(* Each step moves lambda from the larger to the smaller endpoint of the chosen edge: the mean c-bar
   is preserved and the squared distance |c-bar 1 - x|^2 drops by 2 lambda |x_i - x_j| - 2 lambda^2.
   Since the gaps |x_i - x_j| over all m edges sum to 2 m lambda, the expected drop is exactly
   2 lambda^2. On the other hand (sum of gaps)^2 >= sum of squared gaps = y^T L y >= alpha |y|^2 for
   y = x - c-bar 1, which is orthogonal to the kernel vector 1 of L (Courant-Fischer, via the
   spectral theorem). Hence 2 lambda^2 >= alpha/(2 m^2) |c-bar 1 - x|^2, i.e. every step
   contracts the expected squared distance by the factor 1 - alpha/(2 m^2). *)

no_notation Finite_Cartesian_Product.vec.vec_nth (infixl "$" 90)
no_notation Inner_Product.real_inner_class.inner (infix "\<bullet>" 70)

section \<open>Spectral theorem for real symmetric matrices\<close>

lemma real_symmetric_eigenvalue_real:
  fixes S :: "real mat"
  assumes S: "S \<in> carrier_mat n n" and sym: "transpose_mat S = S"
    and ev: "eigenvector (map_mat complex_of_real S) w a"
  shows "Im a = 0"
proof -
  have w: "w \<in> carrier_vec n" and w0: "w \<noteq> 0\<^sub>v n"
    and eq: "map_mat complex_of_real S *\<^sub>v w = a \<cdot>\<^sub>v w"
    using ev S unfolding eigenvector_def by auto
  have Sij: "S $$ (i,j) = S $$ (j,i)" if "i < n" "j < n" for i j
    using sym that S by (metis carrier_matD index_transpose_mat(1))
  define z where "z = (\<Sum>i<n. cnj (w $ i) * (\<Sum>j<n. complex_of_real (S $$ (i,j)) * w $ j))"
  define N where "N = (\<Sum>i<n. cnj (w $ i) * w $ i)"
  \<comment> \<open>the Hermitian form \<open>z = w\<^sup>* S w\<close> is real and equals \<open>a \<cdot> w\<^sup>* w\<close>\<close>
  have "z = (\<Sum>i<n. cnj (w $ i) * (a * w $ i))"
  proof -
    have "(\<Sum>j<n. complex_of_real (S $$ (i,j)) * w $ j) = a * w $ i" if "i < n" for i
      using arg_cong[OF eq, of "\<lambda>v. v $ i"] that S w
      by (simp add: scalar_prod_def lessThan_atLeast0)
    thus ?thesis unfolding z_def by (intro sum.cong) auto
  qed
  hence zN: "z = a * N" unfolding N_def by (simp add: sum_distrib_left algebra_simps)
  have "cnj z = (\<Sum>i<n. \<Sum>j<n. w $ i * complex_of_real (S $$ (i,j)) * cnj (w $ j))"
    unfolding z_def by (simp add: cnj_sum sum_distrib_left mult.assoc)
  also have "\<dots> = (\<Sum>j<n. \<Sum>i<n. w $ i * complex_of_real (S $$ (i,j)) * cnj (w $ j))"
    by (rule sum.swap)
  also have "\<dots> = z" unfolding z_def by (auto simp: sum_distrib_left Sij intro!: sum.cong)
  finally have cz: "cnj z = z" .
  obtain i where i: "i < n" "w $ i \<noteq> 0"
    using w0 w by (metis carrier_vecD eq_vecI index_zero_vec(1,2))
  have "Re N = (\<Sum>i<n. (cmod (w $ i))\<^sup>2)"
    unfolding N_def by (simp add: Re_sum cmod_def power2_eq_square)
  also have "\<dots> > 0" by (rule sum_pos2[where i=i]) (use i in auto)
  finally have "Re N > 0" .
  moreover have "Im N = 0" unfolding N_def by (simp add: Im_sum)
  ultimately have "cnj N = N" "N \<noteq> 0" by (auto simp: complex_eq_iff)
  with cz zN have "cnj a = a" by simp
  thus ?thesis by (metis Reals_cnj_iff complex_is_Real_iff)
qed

————

-- Task statement --
All lines in the listing above from the line containing "using sym that" to the line containing "equals \<open>a \<cdot> w\<^sup>* w\<close>\<close>", inclusive, should be retyped exactly; no other lines should appear.

-- Exercise answer --
    using sym that S by (metis carrier_matD index_transpose_mat(1))
  define z where "z = (\<Sum>i<n. cnj (w $ i) * (\<Sum>j<n. complex_of_real (S $$ (i,j)) * w $ j))"
  define N where "N = (\<Sum>i<n. cnj (w $ i) * w $ i)"
  \<comment> \<open>the Hermitian form \<open>z = w\<^sup>* S w\<close> is real and equals \<open>a \<cdot> w\<^sup>* w\<close>\<close>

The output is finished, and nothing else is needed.